At the end of 2015, the Cybersecurity Information Sharing Act (CISA) was signed into law by President Obama as part of a larger omnibus spending bill. In the years prior to 2015, the US suffered many major cyberattacks including the 2013 Target Corp data breach that leaked the private information of 110 million people and the 2014 cyberattack on the United States’ Office of Personnel Management that affected 22.1 million American citizens. In 2015 alone, multiple major cyberattacks leaked the information of 300 million people and led to $1 billion in damages. Recognizing the need for increased cybersecurity protections, CISA was passed with bipartisan support, although controversy over the bill still remains. Broadly, the act allows for cybersecurity information sharing between private and public entities in the interest of national security. A key provision of this act is that information sharing with the government is completely voluntary.
Advocates of CISA support two main arguments:
- It is critical to protect private data. Given the cyber environment leading up to the passage of CISA, it was clear that cyber criminals had begun using increasingly complex tactics. In the early months of 2015, the Department of Defense had begun advancing and streamlining its cyber capabilities and some cybersecurity proponents argued that the private sector should follow its lead. Thus, CISA represents an attempt to develop more capable defense and responses to cyber incidents in order to protect private information in the United States.
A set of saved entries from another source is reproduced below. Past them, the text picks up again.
lemma drearr_le_of_level_subset:
  assumes f: "f \<in> borel_measurable lebesgue" and t: "0 < t" and y: "0 \<le> y"
    and sub: "\<And>x. x \<in> \<Omega> \<Longrightarrow> y < \<bar>g x\<bar> \<Longrightarrow> drearr \<Omega> f t < \<bar>f x\<bar>"
  shows "drearr \<Omega> g t \<le> y"
proof (rule drearr_le[OF y])
  have "emeasure lebesgue {x\<in>\<Omega>. y < \<bar>g x\<bar>} \<le> emeasure lebesgue {x\<in>\<Omega>. drearr \<Omega> f t < \<bar>f x\<bar>}"
    using sub by (intro emeasure_mono level_set_sets_lebesgue[OF f]) auto
  also have "\<dots> \<le> ennreal t" by (rule emeasure_level_drearr_le[OF f t])
  finally show "emeasure lebesgue {x\<in>\<Omega>. y < \<bar>g x\<bar>} \<le> ennreal t" .
qed

lemma drearr_add_le:
  assumes g0: "g0 \<in> borel_measurable lebesgue" and g1: "g1 \<in> borel_measurable lebesgue"
    and s: "0 < s1" "0 < s2" and le: "\<And>x. x \<in> \<Omega> \<Longrightarrow> \<bar>f x\<bar> \<le> \<bar>g0 x\<bar> + \<bar>g1 x\<bar>"
  shows "drearr \<Omega> f (s1 + s2) \<le> drearr \<Omega> g0 s1 + drearr \<Omega> g1 s2"
proof (rule drearr_le)
  let ?a = "drearr \<Omega> g0 s1" and ?b = "drearr \<Omega> g1 s2"
  show "0 \<le> ?a + ?b" using drearr_nonneg[OF g0 s(1)] drearr_nonneg[OF g1 s(2)] by simp
  have "{x\<in>\<Omega>. ?a + ?b < \<bar>f x\<bar>} \<subseteq> {x\<in>\<Omega>. ?a < \<bar>g0 x\<bar>} \<union> {x\<in>\<Omega>. ?b < \<bar>g1 x\<bar>}"
    using le by force
  then have "emeasure lebesgue {x\<in>\<Omega>. ?a + ?b < \<bar>f x\<bar>}
      \<le> emeasure lebesgue ({x\<in>\<Omega>. ?a < \<bar>g0 x\<bar>} \<union> {x\<in>\<Omega>. ?b < \<bar>g1 x\<bar>})"
    by (intro emeasure_mono) (auto intro: level_set_sets_lebesgue g0 g1)
  also have "\<dots> \<le> emeasure lebesgue {x\<in>\<Omega>. ?a < \<bar>g0 x\<bar>} + emeasure lebesgue {x\<in>\<Omega>. ?b < \<bar>g1 x\<bar>}"
    by (intro emeasure_subadditive) (auto intro: level_set_sets_lebesgue g0 g1)
  also have "\<dots> \<le> ennreal s1 + ennreal s2"
    by (intro add_mono emeasure_level_drearr_le g0 g1 s)
  also have "\<dots> = ennreal (s1 + s2)" using s by (simp add: ennreal_plus)
  finally show "emeasure lebesgue {x\<in>\<Omega>. ?a + ?b < \<bar>f x\<bar>} \<le> ennreal (s1 + s2)" .
qed

end

section \<open>Real powers of extended nonnegative reals\<close>

lemma enn_powr_ennreal: "0 \<le> r \<Longrightarrow> enn_powr (ennreal r) a = ennreal (r powr a)"
  by (simp add: enn_powr_def)

lemma enn_powr_mono:
  assumes "x \<le> y" "0 < a"
  shows "enn_powr x a \<le> enn_powr y a"
proof (cases "y = \<infinity>")
  case False
  then have "x \<noteq> \<infinity>" using assms(1) by (auto simp: top_unique)
  with False assms show ?thesis
    by (cases x; cases y) (auto simp: enn_powr_def intro!: ennreal_leI powr_mono2)
qed (simp add: enn_powr_def)

lemma powr_add_le_add_powr:
  fixes u v a :: real
  assumes "0 \<le> u" "0 \<le> v" "0 < a" "a \<le> 1"
  shows "(u + v) powr a \<le> u powr a + v powr a"
proof (cases "u + v = 0")
  case False
  then have s: "0 < u + v" using assms by simp
  have "u / (u+v) \<le> (u/(u+v)) powr a" "v / (u+v) \<le> (v/(u+v)) powr a"
    using powr_mono'[of a 1 "u/(u+v)"] powr_mono'[of a 1 "v/(u+v)"] assms s
    by (simp_all add: divide_le_eq)
  moreover have "u/(u+v) + v/(u+v) = 1" using s by (simp add: add_divide_distrib[symmetric])
  ultimately have "1 \<le> (u/(u+v)) powr a + (v/(u+v)) powr a" by linarith
  also have "\<dots> = (u powr a + v powr a) / (u+v) powr a"
    by (simp only: powr_divide add_divide_distrib)
  finally show ?thesis using s by (simp add: le_divide_eq_1_pos)
qed (use assms in simp)

lemma enn_powr_add_le:
  assumes "0 < a" "a \<le> 1"
  shows "enn_powr (x + y) a \<le> enn_powr x a + enn_powr y a"
proof (cases "x = \<infinity> \<or> y = \<infinity>")
  case False
  then obtain u v where "x = ennreal u" "y = ennreal v" "0 \<le> u" "0 \<le> v"
    by (cases x; cases y) auto
  with powr_add_le_add_powr[of u v a] assms show ?thesis
    by (simp add: enn_powr_def ennreal_plus[symmetric] del: ennreal_plus)
qed (auto simp: enn_powr_def)

lemma enn_powr_ennreal_mult:
  assumes "0 \<le> c" "0 < a"
  shows "enn_powr (ennreal c * x) a = ennreal (c powr a) * enn_powr x a"
proof (cases "x = \<infinity>")
  case True
  then show ?thesis
    using assms by (cases "c = 0") (simp_all add: enn_powr_def ennreal_mult_top)
next
  case False
  then obtain r where r: "x = ennreal r" "0 \<le> r" by (cases x) auto
  then show ?thesis
    using assms by (simp add: enn_powr_ennreal ennreal_mult[symmetric] powr_mult)
qed

lemma borel_measurable_enn_powr[measurable]:
  assumes [measurable]: "f \<in> borel_measurable M"
  shows "(\<lambda>x. enn_powr (f x) a) \<in> borel_measurable M"
proof -
  have "{x\<in>space M. f x = \<infinity>} \<in> sets M" by measurable
  moreover have "(\<lambda>x. ennreal (enn2real (f x) powr a)) \<in> borel_measurable M" by measurable
  ultimately show ?thesis unfolding enn_powr_def
    by (intro measurable_If[OF measurable_const]) auto
qed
- It is important to develop public-private cooperation in cybersecurity. Neither private companies nor the federal government alone possess the requisite capabilities to protect critical infrastructure and data from cyberattacks. Public-private cooperation provides a cost-effective and dynamic approach to cybersecurity protection and advocates have argued that the US should take advantage of such a model. CISA allows for the Department of Homeland Security (DHS) to receive cyber information (cyberattack indicators, malicious code, etc) from private organizations, integrate that data, and provide comprehensive defense strategies for all to use. In addition, if one company were to discover signs of an attack, this information could be sent to DHS and a warning could be distributed to other companies within minutes.
Critics of CISA argue the following:
- CISA does not properly control how shared information can be used. Those against CISA argue that once data is shared with the federal government, there are no provisions in place to ensure that the data is only being used for cybersecurity related purposes. Privacy advocates like the Electronic Frontier Foundation say that CISA takes cyber control away from DHS and allows other government entities to access shared information. They argue that CISA creates an environment conducive to excess sharing and loss of oversight on the regulation of sensitive shared data. Other critics say that such practices would lead to a surveillance state where the government could conduct unauthorized searches using the data collected via CISA.
- The government is not capable of rapidly processing cyber information. Some against CISA argue that the government is not equipped to deal with the fast-paced nature of cyberattacks. They say that cyber criminals do not require consensus decisions to organize their attacks, while the government cannot move at such speed. Additionally, CISA critics argue that private companies are already engaging in extensive information sharing practices, and adding the government into such frameworks only slows these processes down. Additionally, they say that the government already has more data than it can process, so the input of additional information is useless.
In the years following the passage of the Cybersecurity Information Sharing Act, cyberattacks are still an ever-present threat as exemplified by the attack on Colonial Pipeline in 2021 and Uber in 2022. Accordingly, CISA has undergone multiple revisions since its passage in 2015 in attempts to improve its efficacy and address privacy concerns. CISA has been effective in incentivizing public-private information sharing, yet adjustments are still needed to improve the quality of data being shared.